Hi @HZhang,

I assume that the target statistics you are interested in is the correlation coefficient and that there is a reason why the outputs of the two metamodels would be correlated with each other (e.g., they share the same inputs). I think what we can do in this situation is to compute the standard error of the correlation coefficient estimate for a given sample size to have an idea whether the sample size is *large* enough.

There is perhaps a formula for the standard error of the correlation coefficient estimate but then we have to be sure of the underlying assumptions. What I would do instead is to derive the standard error empirically by simulations either via direct replications or bootstrapping.

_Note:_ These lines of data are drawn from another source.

(* There is a constant $C>0$ such that for any distinct integers $n_1,n_2$ there exists an integer $n_3$ with $n_3\bmod\tau\in(n_1\bmod\tau,\,n_2\bmod\tau)$ and $|n_3|<C\max(|n_1|,|n_2|)$.
   Context: $\tau=\frac{1+\sqrt5}{2}$. For real $x$, $x\bmod\tau$ is its image in $\mathbb{R}/\tau\mathbb{Z}$; for $a,b$ in this circle, $(a,b)$ is the open arc from $a$ to $b$ in the positive direction. The constant $C$ is independent of all variables. *)

theory Defs
  imports Complex_Main
begin

definition tau :: real where "tau = (1 + sqrt 5) / 2"

definition mod_tau :: "real \<Rightarrow> real" where
  "mod_tau x = x - tau * of_int \<lfloor>x / tau\<rfloor>"

text \<open>x mod tau lies in the open positive arc from a mod tau to b mod tau on R / tau Z.\<close>
definition in_open_arc :: "real \<Rightarrow> real \<Rightarrow> real \<Rightarrow> bool" where
  "in_open_arc x a b \<longleftrightarrow> 0 < mod_tau (x - a) \<and> mod_tau (x - a) < mod_tau (b - a)"

end

theory Submission
  imports Defs "HOL-Number_Theory.Fib"
begin

text \<open>The golden ratio is badly approximable: for \<open>d \<noteq> 0\<close> and \<open>q = \<lfloor>d / \<tau>\<rfloor>\<close>, the
  remainder \<open>d - q\<tau>\<close> times its Galois conjugate \<open>d - q + q\<tau>\<close> is the nonzero integer
  \<open>d\<^sup>2 - dq - q\<^sup>2\<close>, so the arc from \<open>n\<^sub>1\<close> to \<open>n\<^sub>2\<close> has length at least of order
  \<open>1 / \<bar>n\<^sub>2 - n\<^sub>1\<bar>\<close>. Conversely the signed Fibonacci numbers \<open>(-1)\<^sup>n F\<^sub>n\<^sub>+\<^sub>1\<close> are
  congruent to \<open>\<tau>\<^sup>-\<^sup>n\<close> modulo \<open>\<tau>\<close> and bounded by \<open>\<tau>\<^sup>n\<close>; the least \<open>n\<close> with \<open>\<tau>\<^sup>-\<^sup>n\<close>
  shorter than the arc yields a step \<open>k\<close> with \<open>\<bar>k\<bar> = O(\<bar>n\<^sub>2 - n\<^sub>1\<bar>)\<close> from \<open>n\<^sub>1\<close> into the arc.\<close>

lemma tau_gt_1: "1 < tau" and tau_lt_2: "tau < 2"
proof -
  have "sqrt 1 < sqrt (5::real)" "sqrt (5::real) < sqrt 9"
    by (simp_all only: real_sqrt_less_iff)
  then show "1 < tau" "tau < 2" by (simp_all add: tau_def)
qed

lemma tau_squared: "tau\<^sup>2 = tau + 1"
  by (simp add: tau_def power2_eq_square field_simps)

lemma golden_norm_nonzero:
  fixes d q :: int
  assumes "d \<noteq> 0"
  shows "d\<^sup>2 - d * q - q\<^sup>2 \<noteq> 0"
proof
  assume norm: "d\<^sup>2 - d * q - q\<^sup>2 = 0"
  define g where "g = gcd d q"
  obtain d' q' where dq: "d = d' * g" "q = q' * g" and "coprime d' q'"
    using gcd_coprime_exists[of d q] assms unfolding g_def by auto
  have "g\<^sup>2 * (d'\<^sup>2 - d' * q' - q'\<^sup>2) = 0"
    using norm unfolding dq by (simp add: algebra_simps power2_eq_square)
  then have "d'\<^sup>2 - d' * q' - q'\<^sup>2 = 0"
    using assms unfolding g_def by simp
  moreover have "odd (d'\<^sup>2 - d' * q' - q'\<^sup>2)"
  proof -
    have "\<not> (even d' \<and> even q')"
      using coprime_common_divisor[OF \<open>coprime d' q'\<close>, of 2] by auto
    then show ?thesis by (auto simp: power2_eq_square)
  qed
  ultimately show False by simp
qed

lemma golden_norm_factorization:
  "(of_int d - of_int q * tau) * (of_int d - of_int q + of_int q * tau) =
    of_int (d\<^sup>2 - d * q - q\<^sup>2)"
proof -
  have "(of_int d - of_int q * tau) * (of_int d - of_int q + of_int q * tau)
      = of_int d ^ 2 - of_int d * of_int q - of_int q ^ 2 * (tau\<^sup>2 - tau)"
    by (simp add: algebra_simps power2_eq_square)
  then show ?thesis by (simp add: tau_squared)
qed

lemma mod_tau_nonneg: "0 \<le> mod_tau x"
  and mod_tau_less_tau: "mod_tau x < tau"
proof -
  have "of_int \<lfloor>x / tau\<rfloor> * tau \<le> x / tau * tau"
    using tau_gt_1 by (intro mult_right_mono) simp_all
  moreover have "x / tau * tau < (of_int \<lfloor>x / tau\<rfloor> + 1) * tau"
    using tau_gt_1 by (intro mult_strict_right_mono) simp_all
  ultimately show "0 \<le> mod_tau x" "mod_tau x < tau"
    using tau_gt_1 by (simp_all add: mod_tau_def algebra_simps)
qed

lemma mod_tau_eqI:
  assumes "0 \<le> t" "t < tau"
  shows "mod_tau (of_int q * tau + t) = t"
proof -
  have "\<lfloor>(of_int q * tau + t) / tau\<rfloor> = q"
    using assms tau_gt_1 by (intro floor_unique) (simp_all add: field_simps)
  then show ?thesis by (simp add: mod_tau_def)
qed

lemma mod_tau_of_int_lower_bound:
  fixes d :: int
  assumes "d \<noteq> 0"
  shows "1 / (7 * \<bar>d\<bar>) \<le> mod_tau (of_int d)"
proof -
  define q where "q = \<lfloor>of_int d / tau\<rfloor>"
  define r where "r = mod_tau (of_int d)"
  have r: "0 \<le> r" "r < tau" and r_eq: "r = of_int d - of_int q * tau"
    using mod_tau_nonneg mod_tau_less_tau by (simp_all add: r_def q_def mod_tau_def)
  have "\<bar>of_int q\<bar> \<le> \<bar>of_int q\<bar> * tau"
    using tau_gt_1 by (simp add: mult_le_cancel_left1)
  also have "\<dots> = \<bar>of_int d - r\<bar>"
    using r_eq tau_gt_1 by (simp add: abs_mult)
  finally have "\<bar>real_of_int q\<bar> \<le> \<bar>d\<bar> + 2"
    using r tau_lt_2 by linarith
  then have conj_bound: "\<bar>of_int d - of_int q + of_int q * tau\<bar> \<le> 7 * \<bar>d\<bar>"
    using r_eq r tau_lt_2 assms by linarith
  have "1 \<le> \<bar>real_of_int (d\<^sup>2 - d * q - q\<^sup>2)\<bar>"
    using golden_norm_nonzero[OF assms, of q] by linarith
  also have "\<dots> = r * \<bar>of_int d - of_int q + of_int q * tau\<bar>"
    unfolding r_eq golden_norm_factorization[symmetric] abs_mult
    using r by (simp add: r_eq)
  also have "\<dots> \<le> r * (7 * \<bar>d\<bar>)"
    using conj_bound r by (intro mult_left_mono) simp_all
  finally show ?thesis
    using assms by (simp add: r_def field_simps)
qed

lemma fib_Suc_le_tau_power: "real (fib (Suc n)) \<le> tau ^ n"
proof (induction n rule: fib.induct)
  case (3 n)
  have "real (fib (Suc (Suc (Suc n)))) = real (fib (Suc (Suc n))) + real (fib (Suc n))"
    by simp
  also have "\<dots> \<le> tau ^ Suc n + tau ^ n"
    using "3.IH" by simp
  also have "\<dots> = tau ^ n * tau\<^sup>2"
    by (simp add: tau_squared algebra_simps)
  finally show ?case
    by (simp add: power2_eq_square algebra_simps)
qed (use tau_gt_1 in simp_all)

lemma fib_Suc_minus_fib_mult_tau: "real (fib (Suc n)) - real (fib n) * tau = (1 - tau) ^ n"
proof -
  define \<psi> where "\<psi> = 1 - tau"
  have sqrt5: "sqrt 5 = tau - \<psi>" and \<psi>_eq: "(1 - sqrt 5) / 2 = \<psi>"
    by (simp_all add: \<psi>_def tau_def field_simps)
  have binet: "real (fib m) * sqrt 5 = tau ^ m - \<psi> ^ m" for m
    using fib_closed_form[of m] unfolding tau_def[symmetric] \<psi>_eq by simp
  have "(real (fib (Suc n)) - real (fib n) * tau) * sqrt 5
      = real (fib (Suc n)) * sqrt 5 - tau * (real (fib n) * sqrt 5)"
    by (simp add: algebra_simps)
  also have "\<dots> = (tau ^ Suc n - \<psi> ^ Suc n) - tau * (tau ^ n - \<psi> ^ n)"
    by (simp only: binet)
  also have "\<dots> = \<psi> ^ n * sqrt 5"
    by (simp add: sqrt5 algebra_simps)
  finally show ?thesis by (simp add: \<psi>_def)
qed

lemma mod_tau_signed_fib: "mod_tau (of_int ((-1) ^ n * int (fib (Suc n)))) = 1 / tau ^ n"
proof -
  have "tau - 1 = 1 / tau"
    using tau_squared tau_gt_1 by (simp add: field_simps power2_eq_square)
  then have "(-1) ^ n * (1 - tau) ^ n = 1 / tau ^ n"
    by (simp add: power_one_over flip: power_mult_distrib)
  then have signed_fib_eq: "of_int ((-1) ^ n * int (fib (Suc n)))
      = of_int ((-1) ^ n * int (fib n)) * tau + 1 / tau ^ n"
    using fib_Suc_minus_fib_mult_tau[of n] by (simp add: algebra_simps)
  show ?thesis
    unfolding signed_fib_eq
  proof (rule mod_tau_eqI)
    have "1 / tau ^ n \<le> 1"
      using one_le_power[of tau n] tau_gt_1 by simp
    then show "1 / tau ^ n < tau"
      using tau_gt_1 by linarith
  qed (use tau_gt_1 in simp)
qed

lemma exists_power_between:
  fixes b x :: real
  assumes "1 < b" "1 \<le> b * x"
  shows "\<exists>n. x < b ^ n \<and> b ^ n \<le> b * x"
proof -
  define n where "n = (LEAST n. x < b ^ n)"
  have "\<exists>n. x < b ^ n"
    using real_arch_pow[OF assms(1)] by blast
  then have x_less: "x < b ^ n"
    unfolding n_def by (rule LeastI_ex)
  have "b ^ n \<le> b * x"
  proof (cases n)
    case (Suc m)
    have "\<not> x < b ^ m"
      using Suc not_less_Least[of m "\<lambda>n. x < b ^ n"] unfolding n_def by simp
    then show ?thesis
      using Suc assms(1) by simp
  qed (use assms in simp)
  with x_less show ?thesis by blast
qed

lemma exists_int_mod_tau_below:
  assumes "0 < L" "L \<le> tau"
  shows "\<exists>k::int. 0 < mod_tau (of_int k) \<and> mod_tau (of_int k) < L \<and> \<bar>k\<bar> \<le> tau / L"
proof -
  obtain n where n: "1 / L < tau ^ n" "tau ^ n \<le> tau * (1 / L)"
    using exists_power_between[of tau "1 / L"] tau_gt_1 assms by (auto simp: field_simps)
  define k :: int where "k = (-1) ^ n * int (fib (Suc n))"
  have "mod_tau (of_int k) = 1 / tau ^ n"
    unfolding k_def by (rule mod_tau_signed_fib)
  moreover have "\<bar>k\<bar> \<le> tau / L"
    using fib_Suc_le_tau_power[of n] n(2) by (simp add: k_def abs_mult)
  moreover have "0 < 1 / tau ^ n" "1 / tau ^ n < L"
    using n(1) assms(1) tau_gt_1 by (simp_all add: field_simps)
  ultimately show ?thesis
    by (intro exI[of _ k]) simp
qed

lemma exists_int_mod_tau_below_of_int:
  fixes d :: int
  assumes "d \<noteq> 0"
  shows "\<exists>k::int. 0 < mod_tau (of_int k) \<and> mod_tau (of_int k) < mod_tau (of_int d) \<and>
           \<bar>k\<bar> \<le> 14 * \<bar>d\<bar>"
proof -
  define L where "L = mod_tau (of_int d)"
  have L_lower: "1 / (7 * \<bar>d\<bar>) \<le> L"
    unfolding L_def using assms by (rule mod_tau_of_int_lower_bound)
  moreover have "0 < 1 / (7 * \<bar>real_of_int d\<bar>)"
    using assms by simp
  ultimately have "0 < L"
    by linarith
  then obtain k where k: "0 < mod_tau (of_int k)" "mod_tau (of_int k) < L" "\<bar>k\<bar> \<le> tau / L"
    using exists_int_mod_tau_below[of L] mod_tau_less_tau[of "of_int d"] L_def by auto
  have "tau / L \<le> 14 * \<bar>d\<bar>"
    using L_lower \<open>0 < L\<close> tau_lt_2 assms by (simp add: field_simps)
  with k show ?thesis
    unfolding L_def by (intro exI[of _ k]) simp
qed

theorem lemma15:
  shows "\<exists>C::real > 0. \<forall>n1 n2 :: int. n1 \<noteq> n2 \<longrightarrow>
           (\<exists>n3 :: int. in_open_arc (of_int n3) (of_int n1) (of_int n2) \<and>
                        real_of_int \<bar>n3\<bar> < C * real_of_int (max \<bar>n1\<bar> \<bar>n2\<bar>))"
proof (intro exI[of _ "30::real"] conjI allI impI)
  fix n1 n2 :: int
  assume "n1 \<noteq> n2"
  then obtain k where k: "0 < mod_tau (of_int k)" "mod_tau (of_int k) < mod_tau (of_int (n2 - n1))"
      "\<bar>k\<bar> \<le> 14 * \<bar>n2 - n1\<bar>"
    using exists_int_mod_tau_below_of_int[of "n2 - n1"] by auto
  have "in_open_arc (of_int (n1 + k)) (of_int n1) (of_int n2)"
    using k(1,2) by (simp add: in_open_arc_def)
  moreover have "\<bar>n1 + k\<bar> < 30 * max \<bar>n1\<bar> \<bar>n2\<bar>"
  proof -
    have "\<bar>n1 + k\<bar> \<le> \<bar>n1\<bar> + \<bar>k\<bar>" "\<bar>n2 - n1\<bar> \<le> \<bar>n2\<bar> + \<bar>n1\<bar>"
      by (rule abs_triangle_ineq, rule abs_triangle_ineq4)
    moreover have "0 < max \<bar>n1\<bar> \<bar>n2\<bar>"
      using \<open>n1 \<noteq> n2\<close> by auto
    ultimately show ?thesis
      using k(3) max.cobounded1[of "\<bar>n1\<bar>" "\<bar>n2\<bar>"] max.cobounded2[of "\<bar>n2\<bar>" "\<bar>n1\<bar>"] by linarith
  qed
  ultimately show "\<exists>n3 :: int. in_open_arc (of_int n3) (of_int n1) (of_int n2) \<and>
      real_of_int \<bar>n3\<bar> < 30 * real_of_int (max \<bar>n1\<bar> \<bar>n2\<bar>)"
    by (intro exI[of _ "n1 + k"]) simp
qed simp

end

With direct replications: given a fixed sample size,

- generate (i.e., replicate) independent pairs of Y1 and Y2 multiple times (hundreds or thousands)
- compute the correlation for each replication
- compute the standard deviation of the correlation estimates (from the replications)

You can use this number (standard error) to assess whether the estimate is *good* enough given the sample size (compare it with the mean). If you deem it’s not, then increase the sample size and repeat the procedure.

With bootstrapping: given a dataset of pairs of Y1 and Y2,

- sample this dataset (the pair together) again and again
*with replacement* (say, thousand times)
- compute the correlation coefficient for each replication
- compute the standard deviation of the coefficients from the replications

You can use the standard error the same way as before. If Y1 and Y2 are hard (expensive) to get, then bootstrapping is a good alternative to the direct replications above.

Because you use metamodels already (and assuming that they are accurate representations of the full computational models), I assume the model evaluations are cheap enough so there is no problem doing even the direct replications.

Maybe there are other (standard) ways to directly know how large the sample size needs to be for any given problem (anyone?) but I think these empirical approaches are worth trying :). I hope this helps!